Opinión

Relato de los remeros adaptado al siglo XXI: demasiados jefes, pocas palas.

Había una vez una empresa de remo que organizó una gran competición internacional. Su embarcación era moderna, su timón brillante, su bandera ondeaba con orgullo… pero al sonar el pistoletazo de salida, quedó última.

remeros

Los directivos, preocupados, encargaron un informe. El diagnóstico fue demoledor: en el barco había 10 personas, de las cuales una remaba y nueve coordinaban. Coordinaban mucho. Coordinaban reuniones, protocolos, objetivos estratégicos, hojas Excel con flechas de colores. Pero remar, lo que se dice remar, remaba uno solo. Y cada vez con menos ganas.

Alguien, un pensador seguramente, dijo: ¡Hay que reformar!  y se nombró un jefe de remeros, un supervisor de jefes, un comité de innovación en remo, una unidad de mejora transversal del movimiento del agua y una plataforma digital de seguimiento de brazadas. ¿El resultado? Más cargos, más reuniones, más informes... y la barca, cada vez más lenta.

Este relato disimula bajo su simplicidad una crítica feroz. Porque si algo define a gran parte de la política actual —y de no pocas instituciones públicas y privadas— es esa extraña obsesión por coordinar lo que no se ejecuta, planificar lo que no se concreta y evaluar lo que nunca se ha hecho.

La política se ha llenado de títulos rimbombantes: asesores estratégicos, responsables de área, delegados adjuntos, secretarías técnicas, comisiones para la comisión… Y mientras tanto, el trabajo real —el de arreglar una carretera, dar una clase digna, operar en un hospital, atender en una ventanilla— queda cada vez más desbordado por una capa de gestión que crece como moho sobre las grietas del sistema.

En lugar de reforzar al remero, lo vigilan. Le miden la pala. Le piden que justifique cada brazada. Le exigen que reme con “enfoque resiliente” o “metodología ágil”. Pero no le dan mejores condiciones, ni le quitan peso, ni lo escuchan.

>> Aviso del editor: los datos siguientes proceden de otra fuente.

lemma psi_star_deriv_increment_tail:
  assumes "S\<^sup>2 \<le> x" "x \<le> y"
  shows "mu * (y - x) \<le> psi_star_deriv y - psi_star_deriv x"
proof -
  define ex where "ex = exp (huber x - Q)"
  have beta: "opt_beta x = 1 / 2" "opt_beta y = 1 / 2"
    using assms S_pos by (auto simp: opt_beta_def field_simps)
  have "exp (huber y - Q) = ex * exp ((y - x) / 2)"
    by (simp add: ex_def huber_def beta field_simps flip: exp_add)
  then have "psi_star_deriv y - psi_star_deriv x = ex * (exp ((y - x) / 2) - 1) / 2"
    by (simp add: psi_star_deriv_def ex_def beta algebra_simps)
  moreover have "ex * ((y - x) / 2) \<le> ex * (exp ((y - x) / 2) - 1)"
    using exp_ge_add_one_self[of "(y - x) / 2"] by (intro mult_left_mono) (linarith, simp add: ex_def)
  moreover have "mu * (y - x) \<le> exp (- Q) * ((y - x) / 4)"
  proof -
    have "mu \<le> exp (- Q) / 4"
      unfolding mu_def using S_sq_ge_4 S_pos by (intro divide_left_mono) simp_all
    then have "mu * (y - x) \<le> exp (- Q) / 4 * (y - x)"
      using assms by (intro mult_right_mono) simp_all
    then show ?thesis by simp
  qed
  moreover have "exp (- Q) * ((y - x) / 4) \<le> ex * ((y - x) / 4)"
    using huber_nonneg[of x] assms by (intro mult_right_mono) (simp_all add: ex_def)
  ultimately show ?thesis by simp
qed

text \<open>Beyond \<open>S\<^sup>2\<close> the factor \<open>opt_beta\<close> is constant, but then the exponential factor grows.\<close>

lemma psi_star_deriv_strongly_mono_nonneg:
  assumes "0 \<le> x" "x \<le> y"
  shows "mu * (y - x) \<le> psi_star_deriv y - psi_star_deriv x"
proof -
  consider "y \<le> S\<^sup>2" | "S\<^sup>2 \<le> x" | "x < S\<^sup>2" "S\<^sup>2 < y" by linarith
  then show ?thesis
  proof cases
    case 3
    then show ?thesis
      using psi_star_deriv_increment_central[of x "S\<^sup>2"] psi_star_deriv_increment_tail[of "S\<^sup>2" y] assms
      by (simp add: algebra_simps)
  qed (use assms psi_star_deriv_increment_central psi_star_deriv_increment_tail in auto)
qed

lemma psi_star_deriv_strongly_mono: "x \<le> y \<Longrightarrow> mu * (y - x) \<le> psi_star_deriv y - psi_star_deriv x"
  by (rule strongly_mono_of_odd[OF psi_star_deriv_odd psi_star_deriv_strongly_mono_nonneg])

lemma opt_beta_lipschitz: "x \<le> y \<Longrightarrow> opt_beta y - opt_beta x \<le> (y - x) / (2 * S\<^sup>2)"
  using S_pos unfolding opt_beta_def by (auto simp: field_simps max_def min_def)

lemma exp_huber_le:
  assumes "0 \<le> y"
  shows "exp (huber y - Q) / (2 * S\<^sup>2) \<le> max 1 (psi_star_deriv y)"
proof (cases "1 \<le> y")
  case True
  then have "1 / (2 * S\<^sup>2) \<le> opt_beta y"
    using S_sq_ge_4 S_pos unfolding opt_beta_def by (auto simp: field_simps max_def min_def)
  then have "exp (huber y - Q) * (1 / (2 * S\<^sup>2)) \<le> psi_star_deriv y"
    unfolding psi_star_deriv_def by (intro mult_left_mono) simp_all
  then show ?thesis by simp
next
  case False
  have "huber y \<le> y * opt_beta y" by (simp add: huber_def)
  also have "\<dots> \<le> 1 * (1 / 2)"
    using False assms opt_beta_nonneg opt_beta_bounds by (intro mult_mono) auto
  finally have "exp (huber y - Q) \<le> exp 1"
    using Q_nonneg by simp
  also have "\<dots> \<le> 2 * S\<^sup>2"
    using exp_le S_sq_ge_4 by linarith
  finally have "exp (huber y - Q) / (2 * S\<^sup>2) \<le> 1"
    using S_pos by (simp add: field_simps)
  then show ?thesis by linarith
qed

lemma psi_star_deriv_increment_le:
  assumes "0 \<le> x" "x \<le> y"
  shows "psi_star_deriv y - psi_star_deriv x \<le> 2 * max 1 (psi_star_deriv y) * (y - x)"
proof -
  define ex ey where "ex = exp (huber x - Q)" and "ey = exp (huber y - Q)"
  have beta_x: "0 \<le> opt_beta x" "opt_beta x \<le> 1 / 2"
    using assms opt_beta_nonneg opt_beta_bounds by auto
  have "ey - ex \<le> ey * (huber y - huber x)"
  proof -
    have "ey * (1 - (huber y - huber x)) \<le> ey * exp (huber x - huber y)"
      using exp_ge_add_one_self[of "huber x - huber y"] by (intro mult_left_mono) (linarith, simp add: ey_def)
    also have "\<dots> = ex" by (simp add: ex_def ey_def flip: exp_add)
    finally show ?thesis by (simp add: algebra_simps)
  qed
  also have "\<dots> \<le> ey * ((y - x) * opt_beta y)"
    using huber_slope_bounds(2)[of y x] by (intro mult_left_mono) (simp_all add: ey_def)
  finally have "opt_beta x * (ey - ex) \<le> opt_beta x * (ey * ((y - x) * opt_beta y))"
    using beta_x by (intro mult_left_mono) simp_all
  also have "\<dots> = ey * ((y - x) * opt_beta y) * opt_beta x"
    by (simp add: ac_simps)
  also have "\<dots> \<le> ey * ((y - x) * opt_beta y) * (1 / 2)"
    using beta_x assms opt_beta_nonneg[of y] by (intro mult_left_mono) (simp_all add: ey_def)
  also have "\<dots> = (y - x) * (psi_star_deriv y / 2)"
    by (simp add: psi_star_deriv_def ey_def)
  finally have second: "opt_beta x * (ey - ex) \<le> (y - x) * (psi_star_deriv y / 2)" .
  have "ey * (opt_beta y - opt_beta x) \<le> ey * ((y - x) / (2 * S\<^sup>2))"
    using opt_beta_lipschitz[OF assms(2)] by (intro mult_left_mono) (simp_all add: ey_def)
  also have "\<dots> = (y - x) * (ey / (2 * S\<^sup>2))"
    by simp
  also have "\<dots> \<le> (y - x) * max 1 (psi_star_deriv y)"
    using exp_huber_le[of y] assms by (intro mult_left_mono) (simp_all add: ey_def)
  finally have first: "ey * (opt_beta y - opt_beta x) \<le> (y - x) * max 1 (psi_star_deriv y)" .
  have "psi_star_deriv y - psi_star_deriv x = ey * (opt_beta y - opt_beta x) + opt_beta x * (ey - ex)"
    by (simp add: psi_star_deriv_def ex_def ey_def algebra_simps)
  also have "\<dots> \<le> (y - x) * (max 1 (psi_star_deriv y) + psi_star_deriv y / 2)"
    using first second by (simp add: distrib_left)
  also have "\<dots> \<le> (y - x) * (2 * max 1 (psi_star_deriv y))"
    using assms by (intro mult_left_mono) auto
  finally show ?thesis by (simp add: mult.commute)
qed

sublocale strongly_convex_real "\<lambda>\<theta>. psi_star \<theta> S Q" psi_star_deriv mu
  by unfold_locales
    (simp_all add: psi_star_has_deriv isCont_psi_star_deriv mu_pos psi_star_deriv_strongly_mono)

lemma psi_eq_conjugate: "psi r S Q = conjugate r"
  by (simp add: psi_def conjugate_def)

lemma inv_psi_star_deriv_0 [simp]: "inv psi_star_deriv 0 = 0"
  using inv_deriv_deriv[of 0] by simp

lemma inv_psi_star_deriv_expanding:
  assumes "0 \<le> x" "x \<le> y" "y \<le> R"
  shows "y - x \<le> 2 * max 1 R * (inv psi_star_deriv y - inv psi_star_deriv x)"
proof -
  have "0 \<le> inv psi_star_deriv x" "inv psi_star_deriv x \<le> inv psi_star_deriv y"
    using inv_deriv_lipschitz(1)[of 0 x] inv_deriv_lipschitz(1)[of x y] assms by simp_all
  from psi_star_deriv_increment_le[OF this]
  have "y - x \<le> 2 * max 1 y * (inv psi_star_deriv y - inv psi_star_deriv x)"
    by simp
  also have "\<dots> \<le> 2 * max 1 R * (inv psi_star_deriv y - inv psi_star_deriv x)"
    using assms inv_deriv_lipschitz(1)[of x y] by (intro mult_right_mono) auto
  finally show ?thesis .
qed

lemma psi_bregman_ge:
  assumes "0 \<le> r" "0 \<le> s" "r \<le> R" "s \<le> R"
  shows "(s - r)\<^sup>2 / (4 * max 1 R) \<le> conjugate s - conjugate r - inv psi_star_deriv r * (s - r)"
  using conjugate_bregman_ge[of "2 * max 1 R" r s] inv_psi_star_deriv_expanding assms
  by (simp add: mult.assoc)

text \<open>For \<open>v = 0\<close> the junk value \<open>x / 0 = 0\<close> gives the right point \<open>0\<close>.\<close>

definition radial_point :: "'a::real_normed_vector \<Rightarrow> 'a" where
  "radial_point v = (psi_star_deriv (norm v) / norm v) *\<^sub>R v"

lemma norm_radial_point: "norm (radial_point v) = psi_star_deriv (norm v)"
  using psi_star_deriv_nonneg[of "norm v"] by (cases "v = 0") (simp_all add: radial_point_def)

Nunca hubo más planes, estrategias, hojas de ruta, agendas 2030 y discursos llenos de futurismo institucional. Pero basta ir a un centro de salud, a un aula pública o a una ventanilla de servicios sociales para notar la paradoja: lo esencial está saturado, agotado, infrafinanciado.

En nombre de la modernización, se burocratiza lo urgente. Y se perpetúa una cultura política que premia al que habla de cambiar el mundo, pero castiga al que simplemente intenta hacerlo funcionar.

La política actual se parece a un restaurante de lujo donde hay cinco camareros por cliente, tres encargados por mesa, un jefe de sala por turno… y el cocinero, solo, pelando patatas sin descanso. La experiencia del comensal es impecable en apariencia, pero si mira al fondo, verá que el fuego se apaga. Brillante fachada, cocina colapsada.

La solución no pasa por destruir la estructura ni por idealizar al remero solitario. No se trata de despreciar la coordinación, sino de recordar su propósito: facilitar el trabajo, no ahogarlo. Gobernar es, también, saber cuándo bajarse del despacho y coger la pala. Preguntar a quienes reman de verdad qué necesitan. Simplificar procesos. Confiar.

Porque al final, los barcos no avanzan con discursos, ni con organigramas, ni con promesas de futuro. Avanzan cuando alguien se arremanga y rema. Y si todos quieren ser timonel, alguien debería recordar que sin remos, ni el más carismático de los líderes podrá mover la embarcación. Salvo, claro, que esté dispuesto a remar también.